On Halloween last year, one sweet girl asked me why I didn’t have kids to go home and carve a pumpkin with.  I responded with a laugh and, “You’ll have to talk to God about that one!”  Immediately, she announced to the other girls at the table that they had to stop and pray right then.  And she did.  And she continued to pray every morning in advisee with her small group of girls.  Faith like a child.  I pray that God will give me this faith. 
Another time, with only a week and a half left in the school year, they started asking again.  One panicked little girl begged me, “Mrs. Fawcett, last year our teacher went on maternity leave.  Please don’t go on maternity leave and leave us the last week of school!”  Oh, if only babies came that quickly! 

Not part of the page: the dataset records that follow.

(*
  Both bounds come from the non-planarity of K33.  If some z outside {x, y} had three
  neighbours in S_xy, these three vertices and x, y, z would span a K33; the edge bound inside
  S_xy then follows by counting degrees.  Between two distinct tumors S_xy and S_zw every vertex
  has at most two neighbours on the other side, so five edges between them would contain three
  disjoint ones a_j b_j, and x, y, t (for t in {z, w} - {x, y}) together with the paths
  t b_j a_j would form a subdivided K33.

  K33 is not planar by the Jordan curve theorem: in a plane drawing, the hexagon
  p0 q0 p1 q1 p2 q2 is a Jordan curve, and any two of the remaining edges p0 q1, p1 q2, p2 q0
  have interleaved ends on it, hence lie on opposite sides -- impossible for three edges.
*)

theory Submission
  imports Defs
begin

section \<open>Arcs and theta curves\<close>

definition arc_interior :: "(real \<Rightarrow> 'a::topological_space) \<Rightarrow> 'a set" where
  "arc_interior g = path_image g - {pathstart g, pathfinish g}"

lemma arc_interior_subset: "arc_interior g \<subseteq> path_image g"
  by (auto simp: arc_interior_def)

lemma arc_interior_reversepath [simp]: "arc_interior (reversepath g) = arc_interior g"
  by (auto simp: arc_interior_def)

lemma arc_interior_eq_image:
  assumes "arc g"
  shows "arc_interior g = g ` {0<..<1}"
proof -
  have "inj_on g {0..1}"
    using assms by (simp add: arc_def)
  then have "g t \<noteq> g 0" "g t \<noteq> g 1" if "0 < t" "t < 1" for t
    using that by (auto dest: inj_onD)
  then show ?thesis
    unfolding arc_interior_def path_image_def pathstart_def pathfinish_def
    by (force simp: less_le)
qed

lemma arc_interior_nonempty: "arc g \<Longrightarrow> arc_interior g \<noteq> {}"
  by (simp add: arc_interior_eq_image)

lemma connected_arc_interior: "arc g \<Longrightarrow> connected (arc_interior g)"
  unfolding arc_interior_eq_image
  by (metis arc_imp_path path_def connected_Ioo connected_continuous_image continuous_on_subset
      greaterThanLessThan_subseteq_atLeastAtMost_iff order_refl)

lemma path_image_subset_closure_arc_interior:
  assumes "arc g"
  shows "path_image g \<subseteq> closure (arc_interior g)"
proof -
  have "continuous_on (closure {0<..<1::real}) g"
    using assms by (simp add: arc_def path_def)
  then have "g ` closure {0<..<1} \<subseteq> closure (g ` {0<..<1})"
    by (rule image_closure_subset) (simp_all add: closure_subset)
  then show ?thesis
    by (simp add: path_image_def arc_interior_eq_image[OF assms])
qed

I am praying that our children will come in God’s perfect timing and, meanwhile, He will give me faith like a child to continue to pray for our precious babies.  

Saturday, August 2, 2014

Stupid Schedules

                There, I said it.  Something negative.  While there have been many joyous moments when I have been able to share God’s word, this journey has also had its fair share of frustrating moments.  The one that has been driving me crazy recently is how I feel this has taken over our life.  Will and I talk all the time about where to draw the line between making this our first priority, but also still living our life and enjoying where we are now.  For example, we had the opportunity to go to the beach for two weeks this summer and celebrate my sister-in-law’s wedding.  It was a great trip and we are glad we spent that quality time with his family, but that meant a cycle when we couldn’t be home to go to doctor appointments.  Something else I love doing in the summer is being part of the leadership team at an amazing all girls summer camp.  Graciously, they were able to work with me, but I hate being the “problem maker” who feels like I am always the one asking for special treatment.  Especially when it comes to this subject.  I am about to go back to school for the fall semester.  I know doctor appointments are important, but I would like to be able to just be at school and not have so many things to plan around.  I want to be dependable and helpful, not the one always asking for special treatment but never being fully comfortable explaining the reasoning. 
                I am a scheduler.  My husband would say, in fact, that I over-schedule things.  Well, it’s hard to do that with PCOS and not knowing when my next cycle will start and when I have to drop everything to schedule a doctor appointment on day 2 and again on day 11.  I try to count out days to figure out when things will be happening, but the fact is it never seems to happen like I expect.  On top of scheduling around my body, sometimes I just feel like an emotional wreck and just want to stay home. 
While I do say all of this to vent a little, my main goal is I want to put it out there.  I know I am difficult to plan around right now and I am sorry.  I appreciate my wonderful employers, co-workers, family, and friends who are patient with me when I go back and forth and change plans or reschedule. 
Proverbs 17:17 says, “A friend loves at all times, and a brother is born for a time of adversity.”  I always thought this was a nice saying to hang on a bulletin board or sign on a card.  Now I am experiencing what it actually means.  I don’t like to be complicated or high maintenance, but God has surrounded us with wonderful friends and brothers who have wrapped us in love.  I am sorry for the times in the past when I have to change plans or cancel all together, often without giving a thorough reason.  I am also sorry for the times to come in the future, but please know that even though I don’t always feel like talking through every little personal detail, I appreciate your understanding more than I can ever say. 

I thank God every day for the wonderful and understanding husband He has blessed me with, but I also think Him for our amazing and Godly employers, co-workers, friends, and family who surround us with love and understanding, even when I don’t feel up to the task of explaining.  Thank you.  Thank you.  Thank you.